§ **Work to be completed**: Which of the lines in the data below contain the string "assumes"? Copy each of them.

== Segment start ==

lemma prefix_spine_cw_state_Suc: "prefix (Sp K) (fst (cw_state t)) \<Longrightarrow> prefix (Sp K) (fst (cw_state (Suc t)))"
proof -
  assume p: "prefix (Sp K) (fst (cw_state t))"
  obtain v j where s: "cw_state t = (v, j)" by fastforce
  have I: "cw_inv (v, j)" using cw_inv_cw_state s by metis
  show ?thesis
  proof (cases "v @ [j] \<in> \<tau>")
    case True
    then show ?thesis using p s unfolding cw_state_Suc cwstep_def by (auto simp: prefix_def)
  next
    case False
    have "v \<noteq> Sp K"
    proof
      assume "v = Sp K"
      then have "j \<le> spine_child K" using I unfolding cw_inv_def by simp
      then show False using False spine_child_le_in \<open>v = Sp K\<close> by blast
    qed
    then have "prefix (Sp K) (butlast v)" using p s
      by (metis fst_conv prefix_snoc append_butlast_last_id prefix_bot.extremum_uniqueI prefix_Nil)
    then show ?thesis using False s unfolding cw_state_Suc cwstep_def by simp
  qed
qed

lemma prefix_spine_cw_state: "spine_time K \<le> t \<Longrightarrow> prefix (Sp K) (fst (cw_state t))"
proof (induction t)
  case 0 then show ?case using cw_state_spine_time[of K] by simp
next
  case (Suc t)
  show ?case
  proof (cases "spine_time K = Suc t")
    case True then show ?thesis using cw_state_spine_time[of K] by simp
  next
    case False then show ?thesis using Suc prefix_spine_cw_state_Suc by simp
  qed
qed

lemma corner_index_lt_spine_time: "0 \<le> m \<Longrightarrow> V m = v \<Longrightarrow> m < int (spine_time (Suc (length v)))"
proof (rule ccontr)
  assume a: "0 \<le> m" "V m = v" "\<not> m < int (spine_time (Suc (length v)))"
  define t where "t = nat m"
  have m: "m = int t" using a unfolding t_def by simp
  have "spine_time (Suc (length v)) \<le> t" using a m by simp
  then have "prefix (Sp (Suc (length v))) v" using prefix_spine_cw_state a(2) m V_of_nat by metis
  then show False using prefix_length_le by fastforce
qed

lemma corner_labels_unbounded: "\<exists>t. int t > T \<and> L (int t) < c"
proof -
  define B where "B = nat (T + 1)"
  define M where "M = min c (- int (length (V (int B))))"
  obtain i where i: "lab (Sp i) < M" using spine_labels_unbounded by blast
  have "i > length (V (int B))" using i lab_Sp_ge[of i] unfolding M_def by linarith
  have "spine_time i > B"
  proof (rule ccontr)
    assume "\<not> B < spine_time i"
    then have "prefix (Sp i) (V (int B))" using prefix_spine_cw_state V_of_nat by simp
    then show False using \<open>i > length (V (int B))\<close> prefix_length_le by fastforce
  qed
  moreover have "L (int (spine_time i)) = lab (Sp i)" using V_of_nat cw_state_spine_time by simp
  ultimately show ?thesis using i unfolding M_def B_def
    by (intro exI[of _ "spine_time i"]) auto
qed

abbreviation succ where "succ n \<equiv> succ_corner \<tau> lab n"

lemma succ_ex: "\<exists>k. L (n + 1 + int k) = L n - 1"
proof -
  obtain t where t: "int t > n" "L (int t) < L n" using corner_labels_unbounded by blast
  then obtain y where y: "n \<le> y" "y \<le> int t" "L y = L n - 1"
    using L_intermediate_value[of n "int t" "L n - 1"] by force
  then have "y \<noteq> n" by auto
  then have "y = n + 1 + int (nat (y - n - 1))" using y by simp
  then show ?thesis using y by metis
qed

lemma succ_props: "n < succ n \<and> L (succ n) = L n - 1 \<and> (\<forall>x. n < x \<and> x < succ n \<longrightarrow> L x \<noteq> L n - 1)"
proof -
  let ?P = "\<lambda>k. L (n + 1 + int k) = L n - 1"
  define K where "K = (LEAST k. ?P k)"
  have sK: "succ n = n + 1 + int K" unfolding succ_corner_def K_def ..
  have P: "?P K" unfolding K_def using succ_ex by (rule LeastI_ex)
  have m: "\<And>k. ?P k \<Longrightarrow> K \<le> k" unfolding K_def by (rule Least_le)
  have "\<forall>x. n < x \<and> x < succ n \<longrightarrow> L x \<noteq> L n - 1"
  proof (intro allI impI)
    fix x assume x: "n < x \<and> x < succ n"
    show "L x \<noteq> L n - 1"
    proof
      assume "L x = L n - 1"
      moreover have "x = n + 1 + int (nat (x - n - 1))" using x by simp
      ultimately have "?P (nat (x - n - 1))" by metis
      then have "K \<le> nat (x - n - 1)" by (rule m)
      then have "int K \<le> x - n - 1" using x by linarith
      then show False using x sK by linarith
    qed
  qed
  moreover have "n < succ n" using sK by linarith
  moreover have "L (succ n) = L n - 1" using sK P by simp
  ultimately show ?thesis by blast
qed

lemma succ_gt: "n < succ n" using succ_props by blast
lemma L_succ: "L (succ n) = L n - 1" using succ_props by blast
lemma L_between_succ: "n < x \<Longrightarrow> x < succ n \<Longrightarrow> L n \<le> L x"
proof (rule ccontr)
  assume a: "n < x" "x < succ n" "\<not> L n \<le> L x"
  then obtain y where "n \<le> y" "y \<le> x" "L y = L n - 1" using L_intermediate_value[of n x "L n - 1"] by force
  moreover then have "y \<noteq> n" by auto
  ultimately show False using succ_props a by force
qed
lemma succ_least: "n < x \<Longrightarrow> L x = L n - 1 \<Longrightarrow> succ n \<le> x"
  using succ_props by force
lemma succ_mono: "a \<le> b \<Longrightarrow> L a = L b \<Longrightarrow> succ a \<le> succ b"
proof (cases "a = b")
  case False
  assume "a \<le> b" "L a = L b"
  then show ?thesis using succ_least[of a "succ b"] succ_gt[of b] L_succ[of b] False by simp
qed simp

section \<open>Clockwise contour order\<close>

lemma less_append_Cons: "(xs::nat list) < xs @ (a # r)"
  by (induction xs) auto
lemma less_append_Cons_Cons: "(j::nat) < c \<Longrightarrow> b @ (j # r) < b @ (c # r')"
  by (induction b) auto

text \<open>The clockwise contour visits its states in increasing lexicographic order of
  these keys.\<close>

definition contour_key where "contour_key s = fst s @ [snd s]"

lemma contour_key_step: "cw_inv s \<Longrightarrow> contour_key s < contour_key (cwstep \<tau> s)"
proof -
  assume I: "cw_inv s"
  obtain v j where s: "s = (v, j)" by fastforce
  show ?thesis
  proof (cases "v @ [j] \<in> \<tau>")
    case True
    then have "cwstep \<tau> s = (v @ [j], 0)" unfolding s cwstep_def by simp
    then show ?thesis unfolding s contour_key_def using less_append_Cons[of "v @ [j]" 0 "[]"] by simp
  next
    case False
    then have ne: "v \<noteq> []" using cw_backtrack_nonroot I s by blast
    then obtain b c where v: "v = b @ [c]" by (metis rev_exhaust)
    have "cwstep \<tau> s = (b, Suc c)" unfolding s cwstep_def using False v by simp
    then show ?thesis unfolding s contour_key_def v using less_append_Cons_Cons[of c "Suc c" b "[j]" "[]"] by simp
  qed
qed

lemma contour_key_strict_mono: "t < t' \<Longrightarrow> contour_key (cw_state t) < contour_key (cw_state t')"
proof -
  assume "t < t'"
  moreover have "\<And>n. contour_key (cw_state n) < contour_key (cw_state (Suc n))"
    using contour_key_step cw_inv_cw_state cw_state_Suc by simp
  ultimately show ?thesis using lift_Suc_mono_less[of "\<lambda>n. contour_key (cw_state n)"] by blast
qed

lemma contour_key_less_imp_less: "contour_key (cw_state t) < contour_key (cw_state t') \<Longrightarrow> t < t'"
  using contour_key_strict_mono by (metis less_asym nat_neq_iff)

lemma prefix_between_snoc: "(a::nat list) @ [i] < k \<Longrightarrow> k < a @ [j] \<Longrightarrow> prefix a k"
proof (induction a arbitrary: k)
  case Nil then show ?case by simp
next
  case (Cons x a)
  then obtain y k' where k: "k = y # k'" by (cases k) auto
  then show ?case using Cons by auto
qed

lemma prefix_V_between:
  assumes "0 \<le> x" "x < z" "z < y" "V x = w" "V y = w"
  shows "prefix w (V z)"
proof -
  define tx tz ty where "tx = nat x" and "tz = nat z" and "ty = nat y"
  have e: "x = int tx" "z = int tz" "y = int ty" using assms unfolding tx_def tz_def ty_def by auto
  have o: "tx < tz" "tz < ty" using assms e by auto
  have k1: "contour_key (cw_state tx) < contour_key (cw_state tz)" and k2: "contour_key (cw_state tz) < contour_key (cw_state ty)" using contour_key_strict_mono o by auto
  have vx: "fst (cw_state tx) = w" and vy: "fst (cw_state ty) = w" using assms V_of_nat e by metis+
  obtain jx jy where "contour_key (cw_state tx) = w @ [jx]" "contour_key (cw_state ty) = w @ [jy]"
    unfolding contour_key_def using vx vy by blast
  then have a: "w @ [jx] < contour_key (cw_state tz)" "contour_key (cw_state tz) < w @ [jy]" using k1 k2 by auto
  then have p: "prefix w (contour_key (cw_state tz))" using prefix_between_snoc by blast
  have kz: "contour_key (cw_state tz) = V z @ [snd (cw_state tz)]" unfolding contour_key_def using V_of_nat e by simp
  show ?thesis
  proof (cases "w = contour_key (cw_state tz)")
    case True
    then show ?thesis using a(1) less_append_Cons[of w jx "[]"] by simp
  next
    case False
    then show ?thesis using p kz by (metis prefix_snoc)
  qed
qed

lemma corner_before_spine_child:
  assumes "0 \<le> f" "V f = Sp k" "0 \<le> z" "prefix (Sp (Suc k)) (V z)"
  shows "f < z"
proof -
  define tf tz where "tf = nat f" and "tz = nat z"
  have e: "f = int tf" "z = int tz" using assms unfolding tf_def tz_def by auto
  have vf: "fst (cw_state tf) = Sp k" using assms V_of_nat e by metis
  have jf: "snd (cw_state tf) \<le> spine_child k" using cw_inv_cw_state[of tf] vf unfolding cw_inv_def by simp
  obtain r where r: "V z = Sp k @ spine_child k # r" using assms(4) unfolding Sp_Suc prefix_def by auto
  have kf: "contour_key (cw_state tf) = Sp k @ [snd (cw_state tf)]" unfolding contour_key_def using vf by simp
  have kz: "contour_key (cw_state tz) = Sp k @ spine_child k # (r @ [snd (cw_state tz)])"
    unfolding contour_key_def using r V_of_nat e by simp
  have "contour_key (cw_state tf) < contour_key (cw_state tz)"
  proof (cases "snd (cw_state tf) = spine_child k")
    case True
    then show ?thesis unfolding kf kz using less_append_Cons[of "Sp k @ [spine_child k]"]
      by (metis append_Cons append_Nil append_assoc neq_Nil_conv snoc_eq_iff_butlast)
  next
    case False
    then show ?thesis unfolding kf kz using jf less_append_Cons_Cons by simp
  qed
  then show ?thesis using contour_key_less_imp_less e by simp
qed

lemma tree_adj_enter: "tree_adj a b \<Longrightarrow> \<not> prefix w a \<Longrightarrow> prefix w b \<Longrightarrow> b = w"
  unfolding tree_adj_def by (auto simp: prefix_snoc)

lemma tree_adj_exit: "tree_adj a b \<Longrightarrow> prefix w a \<Longrightarrow> \<not> prefix w b \<Longrightarrow> a = w \<and> b = butlast w"
  unfolding tree_adj_def by (auto simp: prefix_snoc)

lemma contour_enters:
  "x < z \<Longrightarrow> \<not> prefix w (V x) \<Longrightarrow> prefix w (V z) \<Longrightarrow> \<exists>y. x < y \<and> y \<le> z \<and> V y = w"
proof (induction "nat (z - x)" arbitrary: x)
  case 0 then show ?case by simp
next
  case (Suc d)
  show ?case
  proof (cases "prefix w (V (x + 1))")
    case True
    then have "V (x + 1) = w" using tree_adj_enter V_tree_adj Suc.prems by blast
    then show ?thesis using Suc.prems by (intro exI[of _ "x + 1"]) auto
  next
    case False
    then have "x + 1 \<noteq> z" using Suc.prems by auto
    then have "x + 1 < z" using Suc.prems by simp
    then obtain y where "x + 1 < y" "y \<le> z" "V y = w"
      using Suc.hyps(1)[of "x + 1"] Suc.hyps(2) Suc.prems False by force
    then show ?thesis by (intro exI[of _ y]) auto
  qed
qed

lemma contour_exits:
  "x < z \<Longrightarrow> prefix w (V x) \<Longrightarrow> \<not> prefix w (V z) \<Longrightarrow>
     \<exists>y. x \<le> y \<and> y < z \<and> V y = w \<and> V (y + 1) = butlast w"
proof (induction "nat (z - x)" arbitrary: x)
  case 0 then show ?case by simp
next
  case (Suc d)
  show ?case
  proof (cases "prefix w (V (x + 1))")
    case False
    then have "V x = w \<and> V (x + 1) = butlast w" using tree_adj_exit V_tree_adj Suc.prems by blast
    then show ?thesis using Suc.prems by (intro exI[of _ x]) auto
  next
    case True
    then have "x + 1 \<noteq> z" using Suc.prems by auto
    then have "x + 1 < z" using Suc.prems by simp
    then obtain y where "x + 1 \<le> y" "y < z" "V y = w" "V (y + 1) = butlast w"
      using Suc.hyps(1)[of "x + 1"] Suc.hyps(2) Suc.prems True by force
    then show ?thesis by (intro exI[of _ y]) auto
  qed
qed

== Segment end ==

§ **Answer below**:
  assumes "0 \<le> x" "x < z" "z < y" "V x = w" "V y = w"
  assumes "0 \<le> f" "V f = Sp k" "0 \<le> z" "prefix (Sp (Suc k)) (V z)"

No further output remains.